TASK STATEMENT:
Please copy out the lines in the entries that contain "else".

(PROVIDED ENTRIES)

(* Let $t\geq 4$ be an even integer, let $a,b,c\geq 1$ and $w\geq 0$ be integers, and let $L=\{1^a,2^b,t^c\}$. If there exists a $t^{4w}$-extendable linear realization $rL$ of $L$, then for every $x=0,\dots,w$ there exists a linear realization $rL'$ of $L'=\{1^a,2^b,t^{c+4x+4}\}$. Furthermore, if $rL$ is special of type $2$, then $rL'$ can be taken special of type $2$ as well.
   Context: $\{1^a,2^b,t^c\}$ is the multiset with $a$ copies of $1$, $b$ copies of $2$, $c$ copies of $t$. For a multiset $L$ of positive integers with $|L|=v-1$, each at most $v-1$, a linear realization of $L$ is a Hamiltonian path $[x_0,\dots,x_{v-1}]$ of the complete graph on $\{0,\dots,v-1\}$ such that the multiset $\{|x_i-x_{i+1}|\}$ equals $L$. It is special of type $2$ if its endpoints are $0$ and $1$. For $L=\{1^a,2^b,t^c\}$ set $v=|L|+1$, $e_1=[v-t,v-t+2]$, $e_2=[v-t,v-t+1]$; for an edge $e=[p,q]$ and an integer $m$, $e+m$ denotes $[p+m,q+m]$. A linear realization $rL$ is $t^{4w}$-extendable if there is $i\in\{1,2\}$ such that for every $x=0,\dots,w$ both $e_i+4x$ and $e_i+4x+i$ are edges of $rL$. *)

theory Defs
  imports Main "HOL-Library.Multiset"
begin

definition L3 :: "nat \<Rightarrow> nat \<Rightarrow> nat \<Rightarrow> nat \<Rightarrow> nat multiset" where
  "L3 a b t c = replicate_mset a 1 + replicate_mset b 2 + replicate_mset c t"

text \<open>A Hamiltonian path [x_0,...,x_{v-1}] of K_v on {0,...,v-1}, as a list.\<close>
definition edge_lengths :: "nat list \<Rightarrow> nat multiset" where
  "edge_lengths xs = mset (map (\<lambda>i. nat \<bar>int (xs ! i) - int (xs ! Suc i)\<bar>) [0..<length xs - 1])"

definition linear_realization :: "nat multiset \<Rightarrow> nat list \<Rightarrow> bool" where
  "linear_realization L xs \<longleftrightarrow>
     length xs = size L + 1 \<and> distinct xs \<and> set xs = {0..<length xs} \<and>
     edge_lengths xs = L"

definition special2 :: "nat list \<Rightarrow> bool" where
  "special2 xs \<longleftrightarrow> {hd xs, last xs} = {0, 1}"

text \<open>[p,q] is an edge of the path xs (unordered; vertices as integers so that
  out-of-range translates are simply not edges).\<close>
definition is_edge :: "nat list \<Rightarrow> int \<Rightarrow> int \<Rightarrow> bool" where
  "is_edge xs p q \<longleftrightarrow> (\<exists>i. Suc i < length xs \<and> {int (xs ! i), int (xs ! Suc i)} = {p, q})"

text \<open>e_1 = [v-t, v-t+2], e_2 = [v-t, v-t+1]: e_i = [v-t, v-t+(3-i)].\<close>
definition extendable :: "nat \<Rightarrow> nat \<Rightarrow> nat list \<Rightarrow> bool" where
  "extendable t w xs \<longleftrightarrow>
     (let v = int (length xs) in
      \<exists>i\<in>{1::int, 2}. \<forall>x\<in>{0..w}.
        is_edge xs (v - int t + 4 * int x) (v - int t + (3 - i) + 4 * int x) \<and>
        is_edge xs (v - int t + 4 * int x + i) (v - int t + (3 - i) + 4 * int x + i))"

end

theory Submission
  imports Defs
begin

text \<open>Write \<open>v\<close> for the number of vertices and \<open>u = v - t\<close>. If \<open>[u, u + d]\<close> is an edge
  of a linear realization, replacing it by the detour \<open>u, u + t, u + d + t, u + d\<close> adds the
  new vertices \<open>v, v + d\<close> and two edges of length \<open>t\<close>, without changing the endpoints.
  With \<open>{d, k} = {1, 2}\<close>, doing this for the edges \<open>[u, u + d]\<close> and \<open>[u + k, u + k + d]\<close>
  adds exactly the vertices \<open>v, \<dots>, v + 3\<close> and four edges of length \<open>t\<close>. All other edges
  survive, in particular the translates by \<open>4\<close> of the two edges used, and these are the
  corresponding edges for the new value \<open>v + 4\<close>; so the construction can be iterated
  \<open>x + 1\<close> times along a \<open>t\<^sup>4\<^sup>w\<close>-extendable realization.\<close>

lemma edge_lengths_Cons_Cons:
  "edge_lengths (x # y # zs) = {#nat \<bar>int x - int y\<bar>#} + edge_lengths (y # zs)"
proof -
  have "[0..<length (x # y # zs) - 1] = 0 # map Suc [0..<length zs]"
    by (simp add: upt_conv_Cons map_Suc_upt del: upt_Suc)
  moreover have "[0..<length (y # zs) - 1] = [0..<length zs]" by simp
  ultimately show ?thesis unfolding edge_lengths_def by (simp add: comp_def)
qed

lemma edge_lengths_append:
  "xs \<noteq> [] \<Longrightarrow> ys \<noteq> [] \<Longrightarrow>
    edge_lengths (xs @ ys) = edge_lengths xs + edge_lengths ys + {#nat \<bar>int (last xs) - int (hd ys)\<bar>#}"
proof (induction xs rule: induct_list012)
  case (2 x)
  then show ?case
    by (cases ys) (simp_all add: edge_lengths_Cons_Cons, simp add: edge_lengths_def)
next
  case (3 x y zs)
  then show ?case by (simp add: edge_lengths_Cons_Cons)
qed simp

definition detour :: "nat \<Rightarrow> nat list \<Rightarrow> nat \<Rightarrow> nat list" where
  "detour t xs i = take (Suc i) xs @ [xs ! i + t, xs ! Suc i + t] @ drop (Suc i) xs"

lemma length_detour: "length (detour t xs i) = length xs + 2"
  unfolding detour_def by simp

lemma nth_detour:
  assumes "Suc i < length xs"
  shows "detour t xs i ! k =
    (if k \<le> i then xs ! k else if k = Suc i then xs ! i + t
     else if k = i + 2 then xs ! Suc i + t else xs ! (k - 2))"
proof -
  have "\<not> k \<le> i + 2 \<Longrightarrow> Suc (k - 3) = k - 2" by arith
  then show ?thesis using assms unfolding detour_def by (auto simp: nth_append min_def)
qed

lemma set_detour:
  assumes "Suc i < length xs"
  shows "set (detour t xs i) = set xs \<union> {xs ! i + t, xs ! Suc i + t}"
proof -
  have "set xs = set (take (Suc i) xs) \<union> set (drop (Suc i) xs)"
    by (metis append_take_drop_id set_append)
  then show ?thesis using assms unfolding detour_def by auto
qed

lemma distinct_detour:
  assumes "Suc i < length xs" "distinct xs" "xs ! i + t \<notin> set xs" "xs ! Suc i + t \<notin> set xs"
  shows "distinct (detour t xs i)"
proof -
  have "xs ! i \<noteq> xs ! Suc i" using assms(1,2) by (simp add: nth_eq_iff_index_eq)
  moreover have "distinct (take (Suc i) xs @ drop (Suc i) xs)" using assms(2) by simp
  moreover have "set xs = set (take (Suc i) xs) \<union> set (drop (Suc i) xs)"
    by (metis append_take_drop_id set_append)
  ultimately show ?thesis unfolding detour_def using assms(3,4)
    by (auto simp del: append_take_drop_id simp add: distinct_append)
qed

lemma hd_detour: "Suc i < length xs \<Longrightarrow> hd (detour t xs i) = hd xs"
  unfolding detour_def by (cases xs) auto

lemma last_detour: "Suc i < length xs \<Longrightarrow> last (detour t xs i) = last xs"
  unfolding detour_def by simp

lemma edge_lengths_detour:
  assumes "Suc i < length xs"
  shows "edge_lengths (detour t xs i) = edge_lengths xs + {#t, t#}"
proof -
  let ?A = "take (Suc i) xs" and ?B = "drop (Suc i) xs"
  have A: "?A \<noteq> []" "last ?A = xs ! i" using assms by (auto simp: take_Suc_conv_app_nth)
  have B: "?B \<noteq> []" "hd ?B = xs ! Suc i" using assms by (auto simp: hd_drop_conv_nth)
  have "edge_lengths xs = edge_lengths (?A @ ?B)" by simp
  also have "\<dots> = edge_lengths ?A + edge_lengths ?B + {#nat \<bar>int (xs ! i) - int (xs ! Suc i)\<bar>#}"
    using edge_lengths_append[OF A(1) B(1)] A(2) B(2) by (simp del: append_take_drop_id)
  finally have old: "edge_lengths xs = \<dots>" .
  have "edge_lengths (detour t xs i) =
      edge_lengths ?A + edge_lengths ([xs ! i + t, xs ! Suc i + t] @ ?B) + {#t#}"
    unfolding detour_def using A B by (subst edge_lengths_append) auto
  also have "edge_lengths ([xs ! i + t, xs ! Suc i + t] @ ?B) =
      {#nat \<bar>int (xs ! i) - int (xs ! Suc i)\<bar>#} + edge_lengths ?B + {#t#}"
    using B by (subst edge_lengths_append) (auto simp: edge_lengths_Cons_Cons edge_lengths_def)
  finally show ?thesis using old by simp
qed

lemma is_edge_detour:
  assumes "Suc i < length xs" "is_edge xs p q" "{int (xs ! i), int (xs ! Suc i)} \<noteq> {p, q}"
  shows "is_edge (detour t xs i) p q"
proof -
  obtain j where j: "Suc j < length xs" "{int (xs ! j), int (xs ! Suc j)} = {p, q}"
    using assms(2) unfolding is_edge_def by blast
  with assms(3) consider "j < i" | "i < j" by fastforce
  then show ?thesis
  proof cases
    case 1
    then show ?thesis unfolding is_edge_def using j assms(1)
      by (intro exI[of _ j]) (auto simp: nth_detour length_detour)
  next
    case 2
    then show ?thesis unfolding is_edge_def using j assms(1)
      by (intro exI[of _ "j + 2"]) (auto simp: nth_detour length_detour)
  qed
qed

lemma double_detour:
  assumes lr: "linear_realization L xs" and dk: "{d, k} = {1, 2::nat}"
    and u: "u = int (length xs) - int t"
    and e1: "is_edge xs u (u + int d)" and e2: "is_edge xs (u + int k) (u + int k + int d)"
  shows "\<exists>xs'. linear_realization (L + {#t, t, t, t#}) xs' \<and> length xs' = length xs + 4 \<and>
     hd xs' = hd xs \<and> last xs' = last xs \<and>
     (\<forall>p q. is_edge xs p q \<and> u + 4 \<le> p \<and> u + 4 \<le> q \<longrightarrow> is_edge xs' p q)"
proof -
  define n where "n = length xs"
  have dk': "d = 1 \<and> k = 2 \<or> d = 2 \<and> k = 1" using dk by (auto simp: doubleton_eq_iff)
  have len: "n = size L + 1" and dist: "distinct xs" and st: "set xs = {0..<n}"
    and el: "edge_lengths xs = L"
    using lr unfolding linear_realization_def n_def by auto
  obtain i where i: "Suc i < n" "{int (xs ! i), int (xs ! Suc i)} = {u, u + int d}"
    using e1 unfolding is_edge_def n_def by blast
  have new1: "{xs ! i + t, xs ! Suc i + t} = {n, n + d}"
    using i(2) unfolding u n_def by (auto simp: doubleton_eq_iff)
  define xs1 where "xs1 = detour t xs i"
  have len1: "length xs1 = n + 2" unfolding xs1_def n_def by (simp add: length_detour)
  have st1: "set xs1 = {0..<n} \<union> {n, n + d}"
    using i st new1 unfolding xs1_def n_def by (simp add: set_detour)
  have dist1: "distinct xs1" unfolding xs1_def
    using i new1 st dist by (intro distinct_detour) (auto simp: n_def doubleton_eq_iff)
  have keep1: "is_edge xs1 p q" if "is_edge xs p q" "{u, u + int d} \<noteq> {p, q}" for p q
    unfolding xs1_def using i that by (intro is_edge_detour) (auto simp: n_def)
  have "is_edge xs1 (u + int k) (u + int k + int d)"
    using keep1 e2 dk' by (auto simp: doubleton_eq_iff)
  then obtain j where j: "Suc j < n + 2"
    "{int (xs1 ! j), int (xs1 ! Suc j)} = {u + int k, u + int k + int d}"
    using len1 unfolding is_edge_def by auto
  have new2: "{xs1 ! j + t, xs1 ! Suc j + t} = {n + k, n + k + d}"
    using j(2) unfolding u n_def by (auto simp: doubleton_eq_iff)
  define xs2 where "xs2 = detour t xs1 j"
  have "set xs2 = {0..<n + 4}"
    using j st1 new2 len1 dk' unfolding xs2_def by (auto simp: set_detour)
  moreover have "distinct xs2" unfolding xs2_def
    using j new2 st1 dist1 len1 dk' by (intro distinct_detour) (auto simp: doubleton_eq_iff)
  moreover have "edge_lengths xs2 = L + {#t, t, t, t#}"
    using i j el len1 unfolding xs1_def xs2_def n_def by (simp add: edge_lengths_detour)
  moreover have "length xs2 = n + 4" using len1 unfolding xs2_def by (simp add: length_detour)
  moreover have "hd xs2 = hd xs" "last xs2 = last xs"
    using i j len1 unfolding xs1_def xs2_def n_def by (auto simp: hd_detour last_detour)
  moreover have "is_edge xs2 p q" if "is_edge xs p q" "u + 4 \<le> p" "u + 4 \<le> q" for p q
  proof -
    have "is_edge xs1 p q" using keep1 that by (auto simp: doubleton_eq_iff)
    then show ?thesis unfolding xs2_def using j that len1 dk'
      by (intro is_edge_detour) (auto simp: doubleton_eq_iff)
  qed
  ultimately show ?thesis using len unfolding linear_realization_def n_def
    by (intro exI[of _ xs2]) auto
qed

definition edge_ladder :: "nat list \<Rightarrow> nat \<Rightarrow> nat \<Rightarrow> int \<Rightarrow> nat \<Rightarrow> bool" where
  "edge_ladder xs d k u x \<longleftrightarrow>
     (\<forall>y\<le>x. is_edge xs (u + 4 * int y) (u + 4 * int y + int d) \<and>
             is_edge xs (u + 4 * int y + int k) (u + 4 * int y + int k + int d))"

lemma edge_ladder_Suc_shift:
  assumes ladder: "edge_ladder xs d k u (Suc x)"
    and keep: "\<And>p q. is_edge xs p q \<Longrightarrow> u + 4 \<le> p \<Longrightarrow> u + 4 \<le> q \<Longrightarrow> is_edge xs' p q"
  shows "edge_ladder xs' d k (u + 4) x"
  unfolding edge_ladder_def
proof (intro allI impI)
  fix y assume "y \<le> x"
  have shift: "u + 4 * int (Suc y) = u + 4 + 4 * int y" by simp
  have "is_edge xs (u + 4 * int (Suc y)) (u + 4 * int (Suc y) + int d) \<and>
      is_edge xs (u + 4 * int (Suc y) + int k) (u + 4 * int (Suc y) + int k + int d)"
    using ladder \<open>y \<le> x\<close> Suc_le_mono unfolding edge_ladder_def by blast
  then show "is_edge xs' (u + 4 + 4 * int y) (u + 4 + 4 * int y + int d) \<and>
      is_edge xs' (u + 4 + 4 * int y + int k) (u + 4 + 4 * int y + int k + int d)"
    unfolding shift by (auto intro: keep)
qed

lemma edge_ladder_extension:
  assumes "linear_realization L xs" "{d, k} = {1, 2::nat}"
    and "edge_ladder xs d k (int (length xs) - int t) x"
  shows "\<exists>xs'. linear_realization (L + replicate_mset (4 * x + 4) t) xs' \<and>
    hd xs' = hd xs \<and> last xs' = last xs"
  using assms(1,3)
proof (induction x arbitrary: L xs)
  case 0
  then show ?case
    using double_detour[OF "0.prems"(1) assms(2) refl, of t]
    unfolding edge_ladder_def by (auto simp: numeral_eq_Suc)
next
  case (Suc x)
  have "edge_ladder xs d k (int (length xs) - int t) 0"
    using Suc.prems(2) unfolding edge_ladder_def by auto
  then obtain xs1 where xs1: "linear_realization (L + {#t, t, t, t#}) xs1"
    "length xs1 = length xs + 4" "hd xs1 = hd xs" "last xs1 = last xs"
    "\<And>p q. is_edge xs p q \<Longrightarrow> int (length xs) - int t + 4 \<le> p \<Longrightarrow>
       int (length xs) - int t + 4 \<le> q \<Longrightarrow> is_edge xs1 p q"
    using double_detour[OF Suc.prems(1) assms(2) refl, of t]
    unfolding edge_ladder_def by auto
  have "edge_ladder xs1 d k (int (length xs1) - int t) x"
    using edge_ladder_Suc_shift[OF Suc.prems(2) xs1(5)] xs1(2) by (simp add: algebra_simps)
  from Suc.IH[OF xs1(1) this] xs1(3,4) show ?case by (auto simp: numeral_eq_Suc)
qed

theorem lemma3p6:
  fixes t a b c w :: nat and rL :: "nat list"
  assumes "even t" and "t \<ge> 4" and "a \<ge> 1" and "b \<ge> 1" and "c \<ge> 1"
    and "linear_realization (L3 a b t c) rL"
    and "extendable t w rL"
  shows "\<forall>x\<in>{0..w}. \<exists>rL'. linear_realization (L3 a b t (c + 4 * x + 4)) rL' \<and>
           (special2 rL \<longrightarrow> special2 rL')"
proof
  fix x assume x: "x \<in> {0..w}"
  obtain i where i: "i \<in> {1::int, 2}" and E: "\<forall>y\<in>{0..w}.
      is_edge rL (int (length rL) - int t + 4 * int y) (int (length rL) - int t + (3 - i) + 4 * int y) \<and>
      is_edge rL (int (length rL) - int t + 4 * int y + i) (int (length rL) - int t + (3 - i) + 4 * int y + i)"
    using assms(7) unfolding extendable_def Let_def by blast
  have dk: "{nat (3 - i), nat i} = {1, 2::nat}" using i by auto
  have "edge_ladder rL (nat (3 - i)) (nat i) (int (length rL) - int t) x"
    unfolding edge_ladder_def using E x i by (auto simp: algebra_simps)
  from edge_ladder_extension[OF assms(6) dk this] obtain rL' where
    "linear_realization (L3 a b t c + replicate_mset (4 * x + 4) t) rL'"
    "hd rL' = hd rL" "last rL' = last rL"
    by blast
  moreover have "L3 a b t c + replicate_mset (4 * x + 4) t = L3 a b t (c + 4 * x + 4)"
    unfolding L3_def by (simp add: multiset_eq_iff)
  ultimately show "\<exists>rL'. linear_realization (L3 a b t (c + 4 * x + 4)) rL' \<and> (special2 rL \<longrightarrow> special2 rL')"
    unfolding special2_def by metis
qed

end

(End PROVIDED ENTRIES)

RESPONSE AREA:
    (if k \<le> i then xs ! k else if k = Suc i then xs ! i + t
     else if k = i + 2 then xs ! Suc i + t else xs ! (k - 2))"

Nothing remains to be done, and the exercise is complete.